Who sticks up for the pension-fund members in these circumstances? The trustees, of course, who have a fiduciary duty to act in members' interests. But one wonders whether they have the expertise, the time and the hunger to pursue every last penny on behalf of members. As we reported in the Times in July, British pension funds and other institutional investors are already missing out on £4.5bn by failing to collect compensation won on their behalf in class action lawsuits in the US. We may be sniffy about America's litigiousness, but it's surely madness not to claim our share of the spoils?
Executives can be negligent. They can also be fraudulent, as we know from the case of Dennis Kozlowski, who has just gone to Rikers Island to begin a jail sentence of up to 25 years. The former chief executive of Tyco, the components maker, and his finance director lent themselves $170m (£95m) of company money and then simply wrote off the debt. Kozlowski also famously used $31m of company money to furnish his Manhattan flat, complete with $6,000 shower curtain, $15,000 umbrella stand and - I particularly like this touch - $2,900 worth of coat-hangers.
An awful lot of British pension funds were invested in Tyco, so it's probably fair to say that millions of British workers in a small way helped subsidise those deluxe coat-hangers. But how many of their pension funds have the appetite to pursue Tyco for compensation? Too often in such cases, the attitude on this side of the Atlantic is to shrug, sell the shares and move on.
Alan Owens, a partner in the law firm Irwin Mitchell, has identified at least seven cases in the UK in the past three years where there have been corporate governance failings of sufficient magnitude to justify legal action, yet no writs were served. It's telling that all the legal action against Royal Dutch/Shell for misleading shareholders over its oil and gas reserves is taking place on the other side of the Atlantic. It may be only a matter of time before a pension-fund member sues the trustees for dereliction of duty. As employers no longer provide guarantees to the pension funds they sponsor, they have much less interest in making sure every penny is well invested. It is going to be up to employees - and their trade unions - to step up to the plate.
For the past five years it has been received wisdom that ministers raise fuel duty at their peril.
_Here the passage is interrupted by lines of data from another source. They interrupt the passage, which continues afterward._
lemma poly_pderiv_one:
  fixes p :: "'a::{comm_semiring_1,semiring_no_zero_divisors} poly"
  assumes "degree p \<le> M"
  shows "poly (pderiv p) 1 = (\<Sum>i\<le>M. of_nat i * coeff p i)"
proof -
  have "poly (pderiv p) 1 = (\<Sum>i<M. coeff (pderiv p) i)"
  proof (cases "M = 0")
    case True
    with assms show ?thesis by (auto elim!: degree_eq_zeroE simp: pderiv_pCons)
  next
    case False
    have "degree (pderiv p) \<le> M - 1"
      using assms by (intro degree_le) (simp add: coeff_pderiv coeff_eq_0)
    with False have "degree (pderiv p) < M" by simp
    then show ?thesis
      unfolding poly_altdef power_one mult_1_right
      by (intro sum.mono_neutral_left) (auto simp: coeff_eq_0)
  qed
  also have "\<dots> = (\<Sum>i<M. of_nat (Suc i) * coeff p (Suc i))"
    by (simp add: coeff_pderiv)
  also have "\<dots> = (\<Sum>i\<le>M. of_nat i * coeff p i)"
    by (subst lessThan_Suc_atMost[symmetric], subst sum.lessThan_Suc_shift) simp
  finally show ?thesis .
qed

lemma poly_triple_poly_one: "poly (triple_poly (Suc n)) 1 = (0 :: 'a::comm_ring_1 fps)"
  unfolding triple_poly_def poly_prod
  by (intro prod_zero) (auto intro!: bexI[of _ 1])

lemma poly_pderiv_triple_poly_one:
  "poly (pderiv (triple_poly (Suc n))) 1 = - (qpoch n * qpoch (Suc n) :: 'a::idom fps)"
proof (induction n)
  case 0
  have "triple_poly 1 = [:- fps_X, 1 + fps_X, -1 :: 'a fps:]"
    using triple_poly_Suc[of 0] by (simp add: triple_poly_def)
  then show ?case by (simp add: qpoch_Suc pderiv_pCons)
next
  case (Suc n)
  have "poly [:- (fps_X ^ Suc (Suc n)), 1 + fps_X ^ (2 * Suc n + 1), - (fps_X ^ Suc n):] 1
      = (1 - fps_X ^ Suc n) * (1 - fps_X ^ Suc (Suc n) :: 'a fps)"
    by (simp add: algebra_simps flip: power_add)
  then have "poly (pderiv (triple_poly (Suc (Suc n)))) 1
      = - (qpoch n * qpoch (Suc n)) * ((1 - fps_X ^ Suc n) * (1 - fps_X ^ Suc (Suc n)) :: 'a fps)"
    unfolding triple_poly_Suc[of "Suc n"] pderiv_mult poly_mult poly_add Suc.IH
      poly_triple_poly_one by simp
  also have "\<dots> = - (qpoch (Suc n) * qpoch (Suc (Suc n)))"
    by (simp add: qpoch_Suc algebra_simps)
  finally show ?case .
qed

definition jacobi_sum :: "nat \<Rightarrow> 'a::comm_ring_1 fps" where
  "jacobi_sum n = (\<Sum>j<n. (-1) ^ j * of_nat (2 * j + 1) * fps_X ^ tri j)"

lemma sum_atMost_double:
  fixes f :: "nat \<Rightarrow> 'a::comm_monoid_add"
  shows "(\<Sum>i\<le>2 * n. f i) = f 0 + (\<Sum>j<n. f (n - j) + f (Suc n + j))"
proof -
  define A where "A = (\<lambda>j. n - j) ` {..<n}"
  define B where "B = (\<lambda>j. Suc n + j) ` {..<n}"
  have "{..2 * n} = insert 0 (A \<union> B)"
  proof (intro equalityI subsetI)
    fix i assume "i \<in> {..2 * n}"
    then consider "i = 0" | "0 < i" "i \<le> n" | "n < i" "i \<le> 2 * n" by fastforce
    then show "i \<in> insert 0 (A \<union> B)"
    proof cases
      case 2
      then have "i \<in> A" unfolding A_def by (intro rev_image_eqI[of "n - i"]) auto
      then show ?thesis by blast
    next
      case 3
      then have "i \<in> B" unfolding B_def by (intro rev_image_eqI[of "i - Suc n"]) auto
      then show ?thesis by blast
    qed simp
  qed (auto simp: A_def B_def)
  moreover have "0 \<notin> A \<union> B" and "A \<inter> B = {}" and "finite A" and "finite B"
    by (auto simp: A_def B_def)
  ultimately have "(\<Sum>i\<le>2 * n. f i) = f 0 + (sum f A + sum f B)"
    by (simp add: sum.union_disjoint)
  moreover have "sum f A = (\<Sum>j<n. f (n - j))" and "sum f B = (\<Sum>j<n. f (Suc n + j))"
    unfolding A_def B_def by (auto intro!: sum.reindex[unfolded comp_def] simp: inj_on_def)
  ultimately show ?thesis
    by (simp add: sum.distrib)
qed

lemma sum_weighted_triple_signs:
  "(\<Sum>i\<le>2 * n. of_nat i * ((-1) ^ (i + n) * fps_X ^ triple_exp n i))
   = - (jacobi_sum n :: 'a::comm_ring_1 fps)"
proof -
  have "of_nat (n - j) * ((-1) ^ (n - j + n) * fps_X ^ triple_exp n (n - j))
      + of_nat (Suc n + j) * ((-1) ^ (Suc n + j + n) * fps_X ^ triple_exp n (Suc n + j))
      = - ((-1) ^ j * of_nat (2 * j + 1) * fps_X ^ tri j :: 'a fps)" if "j < n" for j
  proof -
    have e1: "n - j + n = j + 2 * (n - j)" and e2: "Suc n + j + n = Suc j + 2 * n"
      using that by simp_all
    have sign: "(-1 :: 'a fps) ^ (n - j + n) = (-1) ^ j" "(-1 :: 'a fps) ^ (Suc n + j + n) = - ((-1) ^ j)"
      unfolding e1 e2 by (simp_all add: power_add power_mult)
    have exp: "triple_exp n (n - j) = tri j" "triple_exp n (Suc n + j) = tri j"
      using that by (simp_all add: triple_exp_def)
    have diff: "(of_nat (n - j) :: 'a fps) = of_nat n - of_nat j"
      using that by (simp add: of_nat_diff)
    show ?thesis
      unfolding sign exp diff by (simp add: algebra_simps)
  qed
  then show ?thesis
    by (simp add: sum_atMost_double jacobi_sum_def sum_negf)
qed

lemma triple_exp_bound:
  assumes "i \<le> 2 * Suc N"
  shows "Suc N \<le> Suc (min N (min i (2 * Suc N - i))) + triple_exp (Suc N) i"
proof (cases "Suc N < i")
  case True
  then show ?thesis
    using assms le_tri[of "i - Suc N - 1"] by (simp add: triple_exp_def)
next
  case False
  then show ?thesis
    using le_tri[of "Suc N - i"] by (simp add: triple_exp_def)
qed

lemma fps_cutoff_triple_term:
  assumes "i \<le> 2 * Suc N"
  shows "fps_cutoff (Suc N) (fps_X ^ triple_exp (Suc N) i * (qbinom (2 * Suc N) i * qpoch N))
       = fps_cutoff (Suc N) (fps_X ^ triple_exp (Suc N) i :: 'a::field fps)"
proof -
  have "fps_cutoff (Suc (min N (min i (2 * Suc N - i)))) (qbinom (2 * Suc N) i * qpoch N)
      = fps_cutoff (Suc (min N (min i (2 * Suc N - i)))) (1 :: 'a fps)"
    using assms by (intro fps_cutoff_qbinom_mult_qpoch) simp
  from fps_cutoff_X_power_mult[OF this triple_exp_bound[OF assms]] show ?thesis
    by simp
qed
Ever since Gordon Brown scrapped the "escalator" - the formula by which he yanked up the tax on petrol and diesel by more than inflation - there has been the view that somehow Middle England just won't tolerate higher duty. The soaring crude-oil price has produced more converts to this view. But the feebleness of the latest hauliers' protest perhaps suggests that public opinion is starting to change.
Is there really such a groundswell of outrage about the price of fuel? Sure, people can be persuaded to froth about it. After all, they have seen prices going up month after month in foot-high letters on the forecourt. But petrol duty can be seen as a blessing. Does anyone really want the extra congestion, pollution, noise and road accidents that, say, US levels of tax would bring about? Even now, the component of tax in fuel is less than in other sin products such as cigarettes and spirits.
The money raised in fuel duty pays the entire education budget, or one-third of the cost of the National Health Service. If the £24bn a year wasn't raised this way, other taxes would have to go up. An extra 8p on basic-rate income tax would do it, for example. When the case is put that way, cutting or even just freezing fuel duty doesn't sound quite so wonderful. It's cheap to collect, difficult to evade and tends to fall on the better-off - who drive longer distances in thirstier cars. It's a near-perfect tax. It just needs much better PR.